> [PROBLEM TO WORK ON]: Go to the line holding "m) = f t x u" in the entries below and write out exactly every line down to and including the line holding "K m (f t x u".

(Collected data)
lemma bellman_le_cost_to_go:
  "m \<le> T \<Longrightarrow> length h = T - m \<Longrightarrow>
   bellman T Wd f L K m (traj f x0 pol h (T - m)) p \<le> cost_to_go T Wd f L K x0 pol p m h"
proof (induct m arbitrary: h)
  case (Suc m)
  define t where "t = T - Suc m"
  have tm: "T - m = Suc t" "length h = t" using Suc(2,3) by (auto simp: t_def)
  define x where "x = traj f x0 pol h t"
  define u where "u = pol t (take t h)"
  have next_state: "traj f x0 pol (h @ [w]) (T - m) = f t x u w" for w
    using tm by (simp add: x_def u_def traj_snoc nth_append)
  have "bellman T Wd f L K (Suc m) x p
      \<le> Efin (Wd (Suc t)) (\<lambda>w. L t x u w p + bellman T Wd f L K m (f t x u w) p)"
    unfolding bellman.simps Let_def t_def[symmetric] by (rule INF_lower) simp
  also have "\<dots> \<le> Efin (Wd (Suc t)) (\<lambda>w. L t x u w p + cost_to_go T Wd f L K x0 pol p m (h @ [w]))"
    using Suc(1)[of "h @ [_]"] Suc(2) tm next_state by (intro Efin_mono add_mono order.refl) auto
  also have "\<dots> = cost_to_go T Wd f L K x0 pol p (Suc m) h"
    by (simp add: Let_def x_def u_def flip: t_def)
  finally show ?case by (simp add: x_def flip: t_def)
qed simp

lemma bellman_le_Phi:
  assumes "finite_noise T Wd"
  shows "bellman T Wd f L K T x0 p \<le> Phi T Wd f L K x0 p"
  unfolding Phi_def
  by (rule INF_greatest)
     (use bellman_le_cost_to_go[of T T "[]"] in
      \<open>simp add: expected_cost_eq_cost_to_go[OF assms]\<close>)

primrec feedback_traj :: "(nat \<Rightarrow> 'x \<Rightarrow> 'u \<Rightarrow> 'w \<Rightarrow> 'x) \<Rightarrow> 'x \<Rightarrow> (nat \<Rightarrow> 'x \<Rightarrow> 'u)
     \<Rightarrow> 'w list \<Rightarrow> nat \<Rightarrow> 'x" where
  "feedback_traj f x0 \<phi> h 0 = x0"
| "feedback_traj f x0 \<phi> h (Suc t) =
     f t (feedback_traj f x0 \<phi> h t) (\<phi> t (feedback_traj f x0 \<phi> h t)) (h ! t)"

definition feedback_policy :: "(nat \<Rightarrow> 'x \<Rightarrow> 'u \<Rightarrow> 'w \<Rightarrow> 'x) \<Rightarrow> 'x \<Rightarrow> (nat \<Rightarrow> 'x \<Rightarrow> 'u)
     \<Rightarrow> nat \<Rightarrow> 'w list \<Rightarrow> 'u" where
  "feedback_policy f x0 \<phi> t h = \<phi> t (feedback_traj f x0 \<phi> h t)"

lemma feedback_traj_take_eq:
  "take s h = take s h' \<Longrightarrow> feedback_traj f x0 \<phi> h s = feedback_traj f x0 \<phi> h' s"
  by (induct s) (auto dest: take_Suc_eqD)

lemma traj_feedback_policy:
  "traj f x0 (feedback_policy f x0 \<phi>) h t = feedback_traj f x0 \<phi> h t"
  by (induct t) (simp_all add: feedback_policy_def feedback_traj_take_eq[of _ "take _ h" h])

lemma feedback_policy_take:
  "feedback_policy f x0 \<phi> t (take t h) = \<phi> t (traj f x0 (feedback_policy f x0 \<phi>) h t)"
  by (simp add: feedback_policy_def traj_feedback_policy feedback_traj_take_eq[of _ "take t h" h])

lemma cost_to_go_feedback_le:
  assumes fin: "finite_noise T Wd"
    and \<phi>: "\<And>t x. t < T \<Longrightarrow>
       Efin (Wd (Suc t)) (\<lambda>w. L t x (\<phi> t x) w p + bellman T Wd f L K (T - Suc t) (f t x (\<phi> t x) w) p)
         \<le> bellman T Wd f L K (T - t) x p + ereal \<epsilon>"
  shows "m \<le> T \<Longrightarrow> length h = T - m \<Longrightarrow>
    cost_to_go T Wd f L K x0 (feedback_policy f x0 \<phi>) p m h
      \<le> bellman T Wd f L K m (traj f x0 (feedback_policy f x0 \<phi>) h (T - m)) p + ereal (real m * \<epsilon>)"
proof (induct m arbitrary: h)
  case (Suc m)
  define pol where "pol = feedback_policy f x0 \<phi>"
  define t where "t = T - Suc m"
  have tm: "T - m = Suc t" "T - t = Suc m" "T - Suc t = m" "t < T" "length h = t"
    using Suc(2,3) by (auto simp: t_def)
  define x where "x = traj f x0 pol h t"
  have u: "pol t (take t h) = \<phi> t x"
    by (simp add: pol_def x_def feedback_policy_take)
  have next_state: "traj f x0 pol (h @ [w]) (T - m) = f t x (\<phi> t x) w" for w
    using tm u by (simp add: x_def traj_snoc nth_append)
  have "cost_to_go T Wd f L K x0 pol p (Suc m) h
      = Efin (Wd (Suc t)) (\<lambda>w. L t x (\<phi> t x) w p + cost_to_go T Wd f L K x0 pol p m (h @ [w]))"
    by (simp add: Let_def x_def u flip: t_def)
  also have "\<dots> \<le> Efin (Wd (Suc t)) (\<lambda>w. L t x (\<phi> t x) w p
                    + bellman T Wd f L K m (f t x (\<phi> t x) w) p + ereal (real m * \<epsilon>))"
    using Suc(1)[of "h @ [_]"] Suc(2) tm next_state
    by (intro Efin_mono) (simp add: add.assoc add_mono pol_def)
  also have "\<dots> \<le> bellman T Wd f L K (Suc m) x p + ereal \<epsilon> + ereal (real m * \<epsilon>)"
    using \<phi>[OF tm(4), of x] by (simp add: Efin_add_const finite_noiseD[OF fin] tm add_right_mono)
  also have "\<dots> = bellman T Wd f L K (Suc m) x p + ereal (real (Suc m) * \<epsilon>)"
    by (simp only: add.assoc plus_ereal.simps) (simp add: algebra_simps)
  finally show ?case by (simp add: x_def pol_def flip: t_def)
qed simp

lemma ereal_INF_approx:
  fixes G :: "'a \<Rightarrow> ereal"
  assumes "(INF u. G u) \<noteq> -\<infinity>" "0 < \<epsilon>"
  shows "\<exists>u. G u \<le> (INF u. G u) + ereal \<epsilon>"
proof (cases "(INF u. G u) = \<infinity>")
  case False
  with assms have "(INF u. G u) < (INF u. G u) + ereal \<epsilon>"
    by (cases "INF u. G u") auto
  then show ?thesis by (auto simp: INF_less_iff intro: less_imp_le)
qed simp

lemma Phi_le_bellman:
  assumes fin: "finite_noise T Wd"
    and finite_value: "\<And>n x. n \<le> T \<Longrightarrow> bellman T Wd f L K n x p \<noteq> -\<infinity>"
  shows "Phi T Wd f L K x0 p \<le> bellman T Wd f L K T x0 p"
proof (rule ereal_le_epsilon2)
  fix e :: real assume "0 < e"
  define \<epsilon> where "\<epsilon> = e / (real T + 1)"
  have "0 < \<epsilon>" "real T * \<epsilon> \<le> e" using \<open>0 < e\<close> by (auto simp: \<epsilon>_def field_simps)
  define Q where "Q t x u = Efin (Wd (Suc t)) (\<lambda>w. L t x u w p + bellman T Wd f L K (T - Suc t) (f t x u w) p)"
    for t x u
  have "bellman T Wd f L K (T - t) x p = (INF u. Q t x u)" if "t < T" for t x
  proof -
    have "T - t = Suc (T - Suc t)" using that by simp
    then show ?thesis by (simp add: Q_def Let_def)
  qed
  then have "\<exists>u. Q t x u \<le> bellman T Wd f L K (T - t) x p + ereal \<epsilon>" if "t < T" for t x
    using ereal_INF_approx[OF _ \<open>0 < \<epsilon>\<close>] finite_value that by (metis diff_le_self)
  then obtain \<phi> where \<phi>: "\<And>t x. t < T \<Longrightarrow> Q t x (\<phi> t x) \<le> bellman T Wd f L K (T - t) x p + ereal \<epsilon>"
    by metis
  define pol where "pol = feedback_policy f x0 \<phi>"
  have "Phi T Wd f L K x0 p
      \<le> Efin (hist Wd T) (\<lambda>h. (\<Sum>t<T. L t (traj f x0 pol h t) (pol t (take t h)) (h ! t) p)
                               + K (traj f x0 pol h T) p)"
    unfolding Phi_def by (rule INF_lower) simp
  also have "\<dots> = cost_to_go T Wd f L K x0 pol p T []"
    by (rule expected_cost_eq_cost_to_go[OF fin])
  also have "\<dots> \<le> bellman T Wd f L K T (traj f x0 pol [] (T - T)) p + ereal (real T * \<epsilon>)"
    unfolding pol_def by (rule cost_to_go_feedback_le[OF fin]) (use \<phi> in \<open>simp_all add: Q_def\<close>)
  also have "\<dots> \<le> bellman T Wd f L K T x0 p + ereal e"
    using \<open>real T * \<epsilon> \<le> e\<close> by (intro add_mono) simp_all
  finally show "Phi T Wd f L K x0 p \<le> bellman T Wd f L K T x0 p + ereal e" .
qed

section \<open>Lower semicontinuity and lower limits\<close>

lemma lsc_ereal_open_superlevel:
  assumes "lsc_ereal g"
  shows "open {z. y < g z}"
proof (rule open_subopen[THEN iffD2], intro ballI)
  fix z assume "z \<in> {z. y < g z}"
  then have "y < Liminf (at z) g"
    using assms unfolding lsc_ereal_def by (auto intro: less_le_trans)
  moreover have "\<forall>y'<Liminf (at z) g. eventually (\<lambda>a. y' < g a) (at z)"
    using le_Liminf_iff[of "Liminf (at z) g" "at z" g] by simp
  ultimately have "eventually (\<lambda>a. y < g a) (at z)"
    by blast
  then obtain U where "open U" "z \<in> U" "\<And>a. a \<in> U \<Longrightarrow> a \<noteq> z \<Longrightarrow> y < g a"
    unfolding eventually_at_topological by blast
  with \<open>z \<in> {z. y < g z}\<close> show "\<exists>U. open U \<and> z \<in> U \<and> U \<subseteq> {z. y < g z}"
    by blast
qed

lemma lsc_ereal_le_liminf:
  assumes "lsc_ereal g" "s \<longlonglongrightarrow> z"
  shows "g z \<le> liminf (\<lambda>k. g (s k))"
  unfolding le_Liminf_iff
  using topological_tendstoD[OF assms(2) lsc_ereal_open_superlevel[OF assms(1)]] by auto

lemma lsc_ereal_bounded_below:
  fixes g :: "'a::topological_space \<Rightarrow> ereal"
  assumes "lsc_ereal g" "\<And>z. g z \<noteq> -\<infinity>" "compact S"
  shows "\<exists>B::real. \<forall>z\<in>S. ereal B \<le> g z"
proof -
  have "S \<subseteq> (\<Union>n::nat. {z. - ereal (real n) < g z})"
  proof
    fix z assume "z \<in> S"
    obtain n :: nat where "- ereal (real n) < g z"
    proof (cases "g z")
      case (real r)
      obtain n :: nat where "- r < real n" using reals_Archimedean2 by blast
      then show ?thesis using real by (intro that[of n]) simp
    qed (use assms(2)[of z] that[of 0] in auto)
    then show "z \<in> (\<Union>n. {z. - ereal (real n) < g z})" by blast
  qed
  then obtain N where "finite N" and N: "S \<subseteq> (\<Union>n\<in>N. {z. - ereal (real n) < g z})"
    using compactE_image[OF assms(3), of UNIV] lsc_ereal_open_superlevel[OF assms(1)] by metis
  have "ereal (- real (Max (insert 0 N))) \<le> g z" if "z \<in> S" for z
  proof -
    obtain n where "n \<in> N" "- ereal (real n) < g z" using N \<open>z \<in> S\<close> by blast
    moreover have "ereal (- real (Max (insert 0 N))) \<le> - ereal (real n)"
      using \<open>finite N\<close> \<open>n \<in> N\<close> by simp
    ultimately show ?thesis by (meson le_less_trans less_imp_le)
  qed
  then show ?thesis by blast
qed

> [WRITTEN RESPONSE]:
  have next_state: "traj f x0 pol (h @ [w]) (T - m) = f t x u w" for w
    using tm by (simp add: x_def u_def traj_snoc nth_append)
  have "bellman T Wd f L K (Suc m) x p
      \<le> Efin (Wd (Suc t)) (\<lambda>w. L t x u w p + bellman T Wd f L K m (f t x u w) p)"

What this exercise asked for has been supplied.